↓

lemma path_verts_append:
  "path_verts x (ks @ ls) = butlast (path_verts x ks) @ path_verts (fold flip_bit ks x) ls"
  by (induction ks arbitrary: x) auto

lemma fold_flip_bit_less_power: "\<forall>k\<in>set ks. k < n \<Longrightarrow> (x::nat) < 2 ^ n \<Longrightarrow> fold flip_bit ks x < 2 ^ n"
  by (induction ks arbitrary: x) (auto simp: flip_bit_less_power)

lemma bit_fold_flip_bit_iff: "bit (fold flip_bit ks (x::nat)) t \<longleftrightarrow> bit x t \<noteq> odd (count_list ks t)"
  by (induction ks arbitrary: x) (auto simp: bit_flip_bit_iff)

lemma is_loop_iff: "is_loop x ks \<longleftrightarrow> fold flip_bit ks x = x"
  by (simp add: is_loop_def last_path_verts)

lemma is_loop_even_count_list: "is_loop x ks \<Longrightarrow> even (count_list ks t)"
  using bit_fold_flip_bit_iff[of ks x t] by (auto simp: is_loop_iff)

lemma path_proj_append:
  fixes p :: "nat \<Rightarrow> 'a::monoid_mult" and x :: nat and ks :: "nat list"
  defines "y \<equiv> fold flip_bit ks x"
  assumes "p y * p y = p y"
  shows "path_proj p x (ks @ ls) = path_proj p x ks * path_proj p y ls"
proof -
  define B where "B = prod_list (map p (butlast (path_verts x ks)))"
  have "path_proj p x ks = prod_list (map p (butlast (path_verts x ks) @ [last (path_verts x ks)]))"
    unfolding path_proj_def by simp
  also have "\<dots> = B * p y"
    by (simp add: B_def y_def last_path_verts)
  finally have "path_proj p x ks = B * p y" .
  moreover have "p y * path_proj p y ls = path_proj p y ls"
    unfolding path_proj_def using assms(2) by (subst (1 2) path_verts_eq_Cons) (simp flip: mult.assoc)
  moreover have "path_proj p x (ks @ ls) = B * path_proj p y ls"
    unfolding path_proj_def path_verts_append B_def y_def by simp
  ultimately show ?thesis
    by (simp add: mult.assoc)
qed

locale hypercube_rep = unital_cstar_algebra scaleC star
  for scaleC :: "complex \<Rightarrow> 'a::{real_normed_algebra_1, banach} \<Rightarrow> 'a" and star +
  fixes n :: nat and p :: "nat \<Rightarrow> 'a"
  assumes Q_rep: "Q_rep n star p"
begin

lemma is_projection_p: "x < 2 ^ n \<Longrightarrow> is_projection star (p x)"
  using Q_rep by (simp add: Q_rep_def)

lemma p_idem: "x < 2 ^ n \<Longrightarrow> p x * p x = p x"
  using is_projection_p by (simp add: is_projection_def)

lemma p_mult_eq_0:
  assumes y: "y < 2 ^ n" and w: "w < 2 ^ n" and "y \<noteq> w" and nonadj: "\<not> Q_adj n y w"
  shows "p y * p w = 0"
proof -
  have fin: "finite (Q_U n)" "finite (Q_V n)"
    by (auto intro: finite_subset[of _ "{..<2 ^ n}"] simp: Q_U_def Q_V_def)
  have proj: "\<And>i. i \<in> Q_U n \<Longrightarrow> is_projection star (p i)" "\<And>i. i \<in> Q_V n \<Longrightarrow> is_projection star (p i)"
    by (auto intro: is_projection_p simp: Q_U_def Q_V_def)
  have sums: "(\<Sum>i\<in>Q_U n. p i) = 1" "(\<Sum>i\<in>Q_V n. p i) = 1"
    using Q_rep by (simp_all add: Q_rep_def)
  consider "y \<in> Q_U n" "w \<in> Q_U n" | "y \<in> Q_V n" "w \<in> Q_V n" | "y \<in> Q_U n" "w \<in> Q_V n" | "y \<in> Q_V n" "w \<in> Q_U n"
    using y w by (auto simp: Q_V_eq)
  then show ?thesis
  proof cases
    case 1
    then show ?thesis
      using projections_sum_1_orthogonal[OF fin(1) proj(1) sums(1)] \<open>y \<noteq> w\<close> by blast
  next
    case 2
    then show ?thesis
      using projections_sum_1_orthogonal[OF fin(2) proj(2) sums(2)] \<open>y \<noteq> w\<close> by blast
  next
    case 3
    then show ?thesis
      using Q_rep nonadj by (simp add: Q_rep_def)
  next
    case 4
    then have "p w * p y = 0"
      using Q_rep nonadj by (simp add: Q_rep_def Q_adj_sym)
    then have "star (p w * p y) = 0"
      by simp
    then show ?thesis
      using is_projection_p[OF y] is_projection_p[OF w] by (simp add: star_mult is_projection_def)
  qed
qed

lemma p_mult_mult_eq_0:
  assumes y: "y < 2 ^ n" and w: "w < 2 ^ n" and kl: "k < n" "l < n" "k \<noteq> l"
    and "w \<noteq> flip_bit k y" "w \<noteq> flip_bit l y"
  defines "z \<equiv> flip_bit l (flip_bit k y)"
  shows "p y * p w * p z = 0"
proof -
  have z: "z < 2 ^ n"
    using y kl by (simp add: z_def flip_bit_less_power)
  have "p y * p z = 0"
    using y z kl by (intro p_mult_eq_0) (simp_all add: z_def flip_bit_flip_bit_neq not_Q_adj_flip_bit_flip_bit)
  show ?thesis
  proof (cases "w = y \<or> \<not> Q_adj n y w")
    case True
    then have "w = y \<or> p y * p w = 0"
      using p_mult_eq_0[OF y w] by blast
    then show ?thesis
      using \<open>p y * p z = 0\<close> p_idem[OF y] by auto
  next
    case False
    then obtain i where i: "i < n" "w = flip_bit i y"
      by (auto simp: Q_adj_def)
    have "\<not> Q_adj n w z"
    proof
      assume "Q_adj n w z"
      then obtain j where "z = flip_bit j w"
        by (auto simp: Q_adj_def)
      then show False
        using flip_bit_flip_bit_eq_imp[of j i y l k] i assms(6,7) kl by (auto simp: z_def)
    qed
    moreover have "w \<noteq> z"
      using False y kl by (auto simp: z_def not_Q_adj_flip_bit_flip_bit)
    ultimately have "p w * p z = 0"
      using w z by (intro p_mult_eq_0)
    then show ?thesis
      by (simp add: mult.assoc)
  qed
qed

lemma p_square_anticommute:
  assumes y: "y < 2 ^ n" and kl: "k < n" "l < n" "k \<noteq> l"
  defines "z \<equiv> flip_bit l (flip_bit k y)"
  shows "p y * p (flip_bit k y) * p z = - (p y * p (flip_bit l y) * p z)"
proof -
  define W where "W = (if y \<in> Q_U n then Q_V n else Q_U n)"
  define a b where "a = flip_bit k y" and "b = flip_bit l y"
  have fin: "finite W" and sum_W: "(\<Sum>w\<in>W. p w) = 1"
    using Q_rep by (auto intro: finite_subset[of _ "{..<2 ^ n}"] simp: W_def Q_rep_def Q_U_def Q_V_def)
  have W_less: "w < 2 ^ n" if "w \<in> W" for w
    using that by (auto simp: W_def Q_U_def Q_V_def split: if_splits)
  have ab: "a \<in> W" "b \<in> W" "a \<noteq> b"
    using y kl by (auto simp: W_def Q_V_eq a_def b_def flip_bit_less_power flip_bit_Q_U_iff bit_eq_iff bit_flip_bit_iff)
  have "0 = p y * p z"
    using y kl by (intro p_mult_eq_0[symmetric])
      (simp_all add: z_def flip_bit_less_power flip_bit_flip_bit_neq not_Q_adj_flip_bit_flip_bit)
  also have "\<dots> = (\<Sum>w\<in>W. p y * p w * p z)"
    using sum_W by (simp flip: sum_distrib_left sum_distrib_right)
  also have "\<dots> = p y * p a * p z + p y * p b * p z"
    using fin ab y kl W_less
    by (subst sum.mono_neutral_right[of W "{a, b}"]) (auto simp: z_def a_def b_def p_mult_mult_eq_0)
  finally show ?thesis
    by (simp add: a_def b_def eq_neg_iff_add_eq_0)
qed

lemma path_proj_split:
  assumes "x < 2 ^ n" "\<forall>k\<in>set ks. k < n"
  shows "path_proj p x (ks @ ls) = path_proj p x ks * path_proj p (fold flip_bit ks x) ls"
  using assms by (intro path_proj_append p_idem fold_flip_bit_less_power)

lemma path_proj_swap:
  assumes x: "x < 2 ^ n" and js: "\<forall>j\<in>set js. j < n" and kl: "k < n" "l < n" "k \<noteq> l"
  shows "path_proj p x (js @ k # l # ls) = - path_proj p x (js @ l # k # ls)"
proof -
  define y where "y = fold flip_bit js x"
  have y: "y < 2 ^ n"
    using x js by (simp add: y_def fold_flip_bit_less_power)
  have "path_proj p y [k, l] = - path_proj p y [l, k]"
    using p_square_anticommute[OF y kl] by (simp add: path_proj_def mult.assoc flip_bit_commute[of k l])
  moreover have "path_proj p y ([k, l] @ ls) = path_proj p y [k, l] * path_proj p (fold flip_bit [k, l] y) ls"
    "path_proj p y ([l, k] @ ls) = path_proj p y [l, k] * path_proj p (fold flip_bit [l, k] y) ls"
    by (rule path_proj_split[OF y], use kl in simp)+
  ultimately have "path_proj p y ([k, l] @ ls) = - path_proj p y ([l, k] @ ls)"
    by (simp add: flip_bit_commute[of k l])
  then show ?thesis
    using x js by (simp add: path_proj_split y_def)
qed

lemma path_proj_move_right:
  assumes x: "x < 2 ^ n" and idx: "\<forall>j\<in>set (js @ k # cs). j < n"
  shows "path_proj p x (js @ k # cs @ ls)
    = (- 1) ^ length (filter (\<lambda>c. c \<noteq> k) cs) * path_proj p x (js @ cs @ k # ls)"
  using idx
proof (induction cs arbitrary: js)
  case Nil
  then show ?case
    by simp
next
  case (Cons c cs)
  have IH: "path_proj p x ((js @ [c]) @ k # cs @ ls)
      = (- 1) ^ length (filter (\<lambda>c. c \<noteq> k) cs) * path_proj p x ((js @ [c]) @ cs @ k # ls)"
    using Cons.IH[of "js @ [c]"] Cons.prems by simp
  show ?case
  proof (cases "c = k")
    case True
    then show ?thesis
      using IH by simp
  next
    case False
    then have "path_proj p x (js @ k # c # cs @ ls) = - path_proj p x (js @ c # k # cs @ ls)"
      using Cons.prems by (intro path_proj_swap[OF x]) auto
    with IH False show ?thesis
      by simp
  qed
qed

↑
↓

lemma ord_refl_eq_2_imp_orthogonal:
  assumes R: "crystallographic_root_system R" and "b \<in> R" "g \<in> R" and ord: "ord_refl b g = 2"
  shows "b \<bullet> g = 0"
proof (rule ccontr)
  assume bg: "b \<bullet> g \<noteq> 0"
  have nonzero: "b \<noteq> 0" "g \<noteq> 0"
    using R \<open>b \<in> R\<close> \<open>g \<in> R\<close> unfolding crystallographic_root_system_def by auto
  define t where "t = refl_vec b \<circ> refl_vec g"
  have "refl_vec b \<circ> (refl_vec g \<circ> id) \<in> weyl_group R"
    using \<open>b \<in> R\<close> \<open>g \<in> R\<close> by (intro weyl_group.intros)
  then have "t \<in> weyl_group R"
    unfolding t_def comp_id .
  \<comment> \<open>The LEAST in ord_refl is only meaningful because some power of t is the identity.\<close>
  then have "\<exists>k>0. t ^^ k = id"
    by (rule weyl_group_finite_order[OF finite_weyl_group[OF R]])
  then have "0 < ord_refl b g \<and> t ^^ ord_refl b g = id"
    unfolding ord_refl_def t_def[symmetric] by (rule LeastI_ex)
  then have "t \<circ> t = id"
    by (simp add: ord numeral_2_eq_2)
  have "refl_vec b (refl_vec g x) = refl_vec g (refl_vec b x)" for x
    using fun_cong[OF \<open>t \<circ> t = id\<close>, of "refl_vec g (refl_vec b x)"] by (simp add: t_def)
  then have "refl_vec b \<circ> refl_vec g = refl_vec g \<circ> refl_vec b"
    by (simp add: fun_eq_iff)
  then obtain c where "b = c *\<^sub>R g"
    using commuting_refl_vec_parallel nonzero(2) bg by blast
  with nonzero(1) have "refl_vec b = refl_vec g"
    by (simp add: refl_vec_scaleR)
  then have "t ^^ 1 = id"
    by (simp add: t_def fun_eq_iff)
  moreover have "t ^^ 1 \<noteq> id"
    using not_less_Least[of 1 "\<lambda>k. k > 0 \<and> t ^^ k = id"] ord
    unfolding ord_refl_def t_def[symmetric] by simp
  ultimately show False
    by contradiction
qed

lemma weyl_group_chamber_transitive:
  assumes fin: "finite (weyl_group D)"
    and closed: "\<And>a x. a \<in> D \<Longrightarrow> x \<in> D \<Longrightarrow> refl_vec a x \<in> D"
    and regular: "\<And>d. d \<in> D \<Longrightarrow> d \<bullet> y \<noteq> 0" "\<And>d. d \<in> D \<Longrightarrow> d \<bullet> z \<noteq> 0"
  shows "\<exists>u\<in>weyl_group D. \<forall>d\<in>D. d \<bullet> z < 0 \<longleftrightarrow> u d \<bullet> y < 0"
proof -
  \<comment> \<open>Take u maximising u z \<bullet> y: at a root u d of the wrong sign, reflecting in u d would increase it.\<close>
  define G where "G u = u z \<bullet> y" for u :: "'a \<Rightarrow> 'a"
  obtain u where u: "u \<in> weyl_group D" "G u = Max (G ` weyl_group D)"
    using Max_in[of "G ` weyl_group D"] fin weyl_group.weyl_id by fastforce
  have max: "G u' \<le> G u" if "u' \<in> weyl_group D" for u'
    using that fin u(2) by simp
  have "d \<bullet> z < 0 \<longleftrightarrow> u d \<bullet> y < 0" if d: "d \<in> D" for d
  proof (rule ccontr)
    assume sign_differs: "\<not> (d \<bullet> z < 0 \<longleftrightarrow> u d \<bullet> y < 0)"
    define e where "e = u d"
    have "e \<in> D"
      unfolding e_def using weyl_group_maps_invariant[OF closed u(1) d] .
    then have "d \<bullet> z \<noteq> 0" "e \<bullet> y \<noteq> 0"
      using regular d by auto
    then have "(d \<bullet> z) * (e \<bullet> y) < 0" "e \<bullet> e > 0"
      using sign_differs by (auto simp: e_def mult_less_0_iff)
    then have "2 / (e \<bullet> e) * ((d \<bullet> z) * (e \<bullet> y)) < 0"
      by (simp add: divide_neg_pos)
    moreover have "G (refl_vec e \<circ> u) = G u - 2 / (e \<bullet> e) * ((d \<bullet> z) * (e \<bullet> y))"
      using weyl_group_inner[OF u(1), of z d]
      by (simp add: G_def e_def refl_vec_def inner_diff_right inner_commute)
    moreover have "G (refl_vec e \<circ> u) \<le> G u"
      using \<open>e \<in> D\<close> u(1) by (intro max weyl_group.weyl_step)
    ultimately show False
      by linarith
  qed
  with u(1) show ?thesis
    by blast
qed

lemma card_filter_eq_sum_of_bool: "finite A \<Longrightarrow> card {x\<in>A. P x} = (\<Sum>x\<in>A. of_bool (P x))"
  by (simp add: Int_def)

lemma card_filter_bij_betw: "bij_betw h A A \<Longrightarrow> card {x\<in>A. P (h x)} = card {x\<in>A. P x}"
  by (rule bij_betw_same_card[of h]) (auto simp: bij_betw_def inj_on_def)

↑

**WORK TASK**
Find "D. \<forall>d\<in>D. d" in the entries above and copy that whole line exactly, then each line after it through the line that contains "e \<circ> u) \<le>".

**RESPONSE BOX**
  shows "\<exists>u\<in>weyl_group D. \<forall>d\<in>D. d \<bullet> z < 0 \<longleftrightarrow> u d \<bullet> y < 0"
proof -
  \<comment> \<open>Take u maximising u z \<bullet> y: at a root u d of the wrong sign, reflecting in u d would increase it.\<close>
  define G where "G u = u z \<bullet> y" for u :: "'a \<Rightarrow> 'a"
  obtain u where u: "u \<in> weyl_group D" "G u = Max (G ` weyl_group D)"
    using Max_in[of "G ` weyl_group D"] fin weyl_group.weyl_id by fastforce
  have max: "G u' \<le> G u" if "u' \<in> weyl_group D" for u'
    using that fin u(2) by simp
  have "d \<bullet> z < 0 \<longleftrightarrow> u d \<bullet> y < 0" if d: "d \<in> D" for d
  proof (rule ccontr)
    assume sign_differs: "\<not> (d \<bullet> z < 0 \<longleftrightarrow> u d \<bullet> y < 0)"
    define e where "e = u d"
    have "e \<in> D"
      unfolding e_def using weyl_group_maps_invariant[OF closed u(1) d] .
    then have "d \<bullet> z \<noteq> 0" "e \<bullet> y \<noteq> 0"
      using regular d by auto
    then have "(d \<bullet> z) * (e \<bullet> y) < 0" "e \<bullet> e > 0"
      using sign_differs by (auto simp: e_def mult_less_0_iff)
    then have "2 / (e \<bullet> e) * ((d \<bullet> z) * (e \<bullet> y)) < 0"
      by (simp add: divide_neg_pos)
    moreover have "G (refl_vec e \<circ> u) = G u - 2 / (e \<bullet> e) * ((d \<bullet> z) * (e \<bullet> y))"
      using weyl_group_inner[OF u(1), of z d]
      by (simp add: G_def e_def refl_vec_def inner_diff_right inner_commute)
    moreover have "G (refl_vec e \<circ> u) \<le> G u"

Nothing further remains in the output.